Tags: global positioning systems, GPS navigation satellites
Transport, banking, food production, social networking, global supply chains, the world economy – would all grind to a halt if the satellite system failed. It’s a fragile system, but also the best place from which to see how fragile the earth is. Australia lags behind. Reporter, Ian Townsend.
Ian Townsend: In the past few years, the world has made another giant leap into space.
Like never before, the world’s economy has embraced satellites, especially the incredibly useful GPS navigation satellites.
Satellite receivers are being put into mines, trucks, trains, ships, phones, containers of bananas, stock exchanges; almost everything is now being tethered by digital signals to space.
Satellites are fast becoming part of everything we do, from farming to banking, and dating to driving.
Ian Townsend: In New South Wales, for instance, the Roads and Traffic Authority is testing a safety device, said to be the biggest thing since seatbelts.
It’s called ‘intelligent speed adaptation’, and it’s getting drivers to stick to the speed limit and slow down in school zones.
[Voice: School zone active…]
Ian Townsend: A technologist with the New South Wales Roads and Traffic Authority, John Wall, says a revolution in road safety is around the corner.
John Wall: We can use GPS to make what is unpredictable today on the road, predictable tomorrow. I guess one of the applications would be dedicated short range communications. This is where cars are actually talking to each other and telling each other where they are on the network. So if you’ve got a vehicle for example, travelling along a road 90-degrees to you and you’re coming up to a rural intersection, this system would actually tell you that there’s a car about to enter that intersection way before you could see it and way before any of the new technologies like radar and things that are mounted on some of the high-end vehicles could detect that car. If it detected that that vehicle wasn’t going to stop, it would then warn you that that vehicle’s likely to collide with you and in the future I can imagine automatic systems actually taking over, then braking you, if you didn’t react to that advice quick enough.

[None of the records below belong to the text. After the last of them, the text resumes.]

lemma nn_integral_powr_exp_Gamma:
  fixes s c :: real
  assumes s: "s > 0" and c: "c > 0"
  shows "(\<integral>\<^sup>+x. ennreal (indicator {0<..} x * x powr (s - 1) * exp (- c * x)) \<partial>lborel)
           = ennreal (Gamma s / c powr s)"
proof -
  let ?f = "\<lambda>x::real. ennreal (indicator {0<..} x * x powr (s - 1) * exp (- c * x))"
  let ?g = "\<lambda>x::real. ennreal (indicator {0..} x * x powr (s - 1) / exp x)"
  have "(\<integral>\<^sup>+x. ?f x \<partial>lborel) = ennreal (1 / c) * (\<integral>\<^sup>+x. ?f (x / c) \<partial>lborel)"
    using nn_integral_real_affine[of ?f "1 / c" 0] c by simp
  also have "(\<lambda>x. ?f (x / c)) = (\<lambda>x. ennreal (c powr (1 - s)) * ?g x)"
  proof
    fix x :: real
    show "?f (x / c) = ennreal (c powr (1 - s)) * ?g x"
    proof (cases "x > 0")
      case True
      have "(x / c) powr (s - 1) = x powr (s - 1) * c powr (1 - s)"
        using True c by (simp add: powr_divide powr_diff field_simps)
      then show ?thesis
        using True c by (simp add: ennreal_mult'[symmetric] exp_minus field_simps)
    next
      case False
      then show ?thesis
        using c by (cases "x = 0") (auto simp: indicator_def zero_less_divide_iff)
    qed
  qed
  also have "(\<integral>\<^sup>+x. ennreal (c powr (1 - s)) * ?g x \<partial>lborel) = ennreal (c powr (1 - s)) * ennreal (Gamma s)"
    by (subst nn_integral_cmult) (auto simp: Gamma_conv_nn_integral_real[OF s])
  also have "ennreal (1 / c) * (ennreal (c powr (1 - s)) * ennreal (Gamma s)) = ennreal (Gamma s / c powr s)"
    using c s Gamma_real_pos[OF s]
    by (simp add: ennreal_mult[symmetric] powr_diff field_simps)
  finally show ?thesis .
qed

lemma Gamma_add_of_nat: "z \<notin> \<int>\<^sub>\<le>\<^sub>0 \<Longrightarrow> Gamma (z + of_nat n) = Gamma z * pochhammer z n"
  by (simp add: pochhammer_Gamma Gamma_eq_zero_iff)

lemma Gamma_add_real_pos: "x > 0 \<Longrightarrow> Gamma (x + real n) = Gamma x * pochhammer x n"
  by (rule Gamma_add_of_nat) (auto elim!: nonpos_Ints_cases)

lemma chi2_density_pos: "nu > 0 \<Longrightarrow> h > 0 \<Longrightarrow> 0 < chi2_density nu h"
  by (simp add: chi2_density_def Gamma_real_pos)

lemma chi2_density_nonneg: "nu > 0 \<Longrightarrow> 0 \<le> chi2_density nu h"
  using chi2_density_pos[of nu h] by (cases "h > 0") (auto simp: chi2_density_def)

lemma gamma_density_pos: "a > 0 \<Longrightarrow> \<theta> > 0 \<Longrightarrow> x > 0 \<Longrightarrow> 0 < gamma_density a \<theta> x"
  by (simp add: gamma_density_def Gamma_real_pos)

lemma gamma_density_nonneg: "a > 0 \<Longrightarrow> 0 \<le> gamma_density a \<theta> x"
  by (simp add: gamma_density_def Gamma_real_pos less_imp_le)

lemma poisson_gamma_density_nonneg: "a > 0 \<Longrightarrow> 0 \<le> exp (- x / 2) * (x / 2) ^ i / fact i * gamma_density a \<theta> x"
  using gamma_density_nonneg[of a \<theta> x]
  by (cases "x > 0") (auto simp: gamma_density_def intro!: mult_nonneg_nonneg)

lemma chi2_density_add_even:
  fixes nu h :: real
  assumes nu: "nu > 0" and h: "h > 0"
  shows "chi2_density (nu + 2 * real i) h = chi2_density nu h * (h / 2) ^ i / pochhammer (nu / 2) i"
proof -
  have "Gamma ((nu + 2 * real i) / 2) = Gamma (nu / 2) * pochhammer (nu / 2) i"
    using nu Gamma_add_real_pos[of "nu / 2" i] by (simp add: add_divide_distrib)
  moreover have "h powr ((nu + 2 * real i) / 2 - 1) = h powr (nu / 2 - 1) * h ^ i"
    using h by (simp add: powr_realpow[symmetric] powr_add[symmetric] field_simps)
  moreover have "(2::real) powr ((nu + 2 * real i) / 2) = 2 powr (nu / 2) * 2 ^ i"
    by (simp add: add_divide_distrib powr_add powr_realpow[symmetric])
  moreover have "pochhammer (nu / 2) i > 0"
    using nu by (simp add: pochhammer_pos)
  moreover have "Gamma (nu / 2) > 0"
    using nu by (simp add: Gamma_real_pos)
  ultimately show ?thesis
    using h by (simp add: chi2_density_def power_divide field_simps)
qed

lemma ncchi2_density_zero: "ncchi2_density k 0 h = chi2_density (real k) h"
proof -
  have "(\<lambda>i. exp (- 0 / 2) * (0 / 2) ^ i / fact i * chi2_density (real k + 2 * real i) h)
      = (\<lambda>i. if i = 0 then chi2_density (real k) h else 0)"
    by auto
  then show ?thesis
    unfolding ncchi2_density_def by (simp add: sums_unique[OF sums_single, symmetric])
qed

lemma has_bochner_integral_powr_exp_Gamma:
  fixes s c :: real
  assumes "s > 0" and "c > 0"
  shows "has_bochner_integral lborel (\<lambda>x. indicator {0<..} x * x powr (s - 1) * exp (- c * x)) (Gamma s / c powr s)"
  using assms by (intro has_bochner_integral_nn_integral nn_integral_powr_exp_Gamma)
    (auto simp: Gamma_real_pos less_imp_le)

lemma has_bochner_integral_poisson_gamma_density:
  fixes a \<theta> :: real
  assumes a: "a > 0" and \<theta>: "\<theta> > 0"
  shows "has_bochner_integral lborel (\<lambda>x. exp (- x / 2) * (x / 2) ^ i / fact i * gamma_density a \<theta> x)
           ((\<theta> / (\<theta> + 1/2)) powr a * pochhammer a i / fact i * (1 / (2 * \<theta> + 1)) ^ i)"
proof -
  define D where "D = \<theta> powr a / (2 ^ i * fact i * Gamma a)"
  have integrand: "exp (- x / 2) * (x / 2) ^ i / fact i * gamma_density a \<theta> x
      = D * (indicator {0<..} x * x powr (a + real i - 1) * exp (- (\<theta> + 1/2) * x))" for x :: real
  proof (cases "x > 0")
    case True
    have "x powr (a + real i - 1) = x powr (a - 1) * x ^ i"
      using True by (simp add: powr_add[symmetric] powr_realpow[symmetric] algebra_simps)
    moreover have "exp (- (\<theta> + 1/2) * x) = exp (- x / 2) * exp (- \<theta> * x)"
      by (simp add: exp_add[symmetric] algebra_simps)
    ultimately show ?thesis
      using True by (simp add: D_def gamma_density_def power_divide field_simps)
  qed (simp add: gamma_density_def)
  have integral_value: "D * (Gamma (a + real i) / (\<theta> + 1/2) powr (a + real i))
      = (\<theta> / (\<theta> + 1/2)) powr a * pochhammer a i / fact i * (1 / (2 * \<theta> + 1)) ^ i"
  proof -
    define q where "q = \<theta> + 1/2"
    have q: "q > 0" "2 * q = 2 * \<theta> + 1"
      using \<theta> by (simp_all add: q_def)
    have "D * (Gamma (a + real i) / q powr (a + real i))
        = (\<theta> powr a / q powr a) * pochhammer a i / fact i * (1 / (2 * q)) ^ i"
      using q(1) Gamma_real_pos[OF a]
      by (simp add: D_def Gamma_add_real_pos[OF a] powr_add powr_realpow power_one_over
          power_mult_distrib field_simps)
    then show ?thesis
      unfolding q_def[symmetric] q(2) using \<theta> q(1) by (simp add: powr_divide)
  qed
  show ?thesis
    unfolding integrand integral_value[symmetric] using a \<theta>
    by (intro has_bochner_integral_mult_right has_bochner_integral_powr_exp_Gamma) auto
qed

Ian Townsend: Most countries have planted their feet firmly on the accelerator of their satellite industries.
Satellites the size of fridges, and some bigger than cars, are as high as 36,000 kilometres over our heads, humming with data and watching and measuring everything on the earth’s surface.
They’re helping seal business deals, exchange currencies and withdraw cash. The Global Positioning Systems, the GPS navigation satellites, have become so useful that the world now relies on their signals.
In Canberra, the chairman of the Australian Space Industry Chamber of Commerce is Brett Biddington.
Brett Biddington: The more important question is what would the world do without it? And basically the world as we know it, rich countries, poor countries, transport systems, banking systems, food production systems, global supply chains, you name it, would all grind rapidly to a halt if we didn’t have access to those signals.
Ian Townsend: Hello, I’m Ian Townsend and welcome to Background Briefing on ABC Radio National, and also broadcast around Australia and around the world via satellite.
Back in the 1960s, Australia was at the forefront of satellite research. In 1967 it became the fourth nation, after the Soviet Union, the US and France, to launch a satellite from its own territory. A rocket donated by the Americans carried a research satellite into orbit from Woomera, in South Australia.
But since then, things have gone downhill for Australia’s space industry. Today, it has hardly any satellites to speak of.
At Flinders University in Adelaide, space archaeologist and historian, Alice Gorman.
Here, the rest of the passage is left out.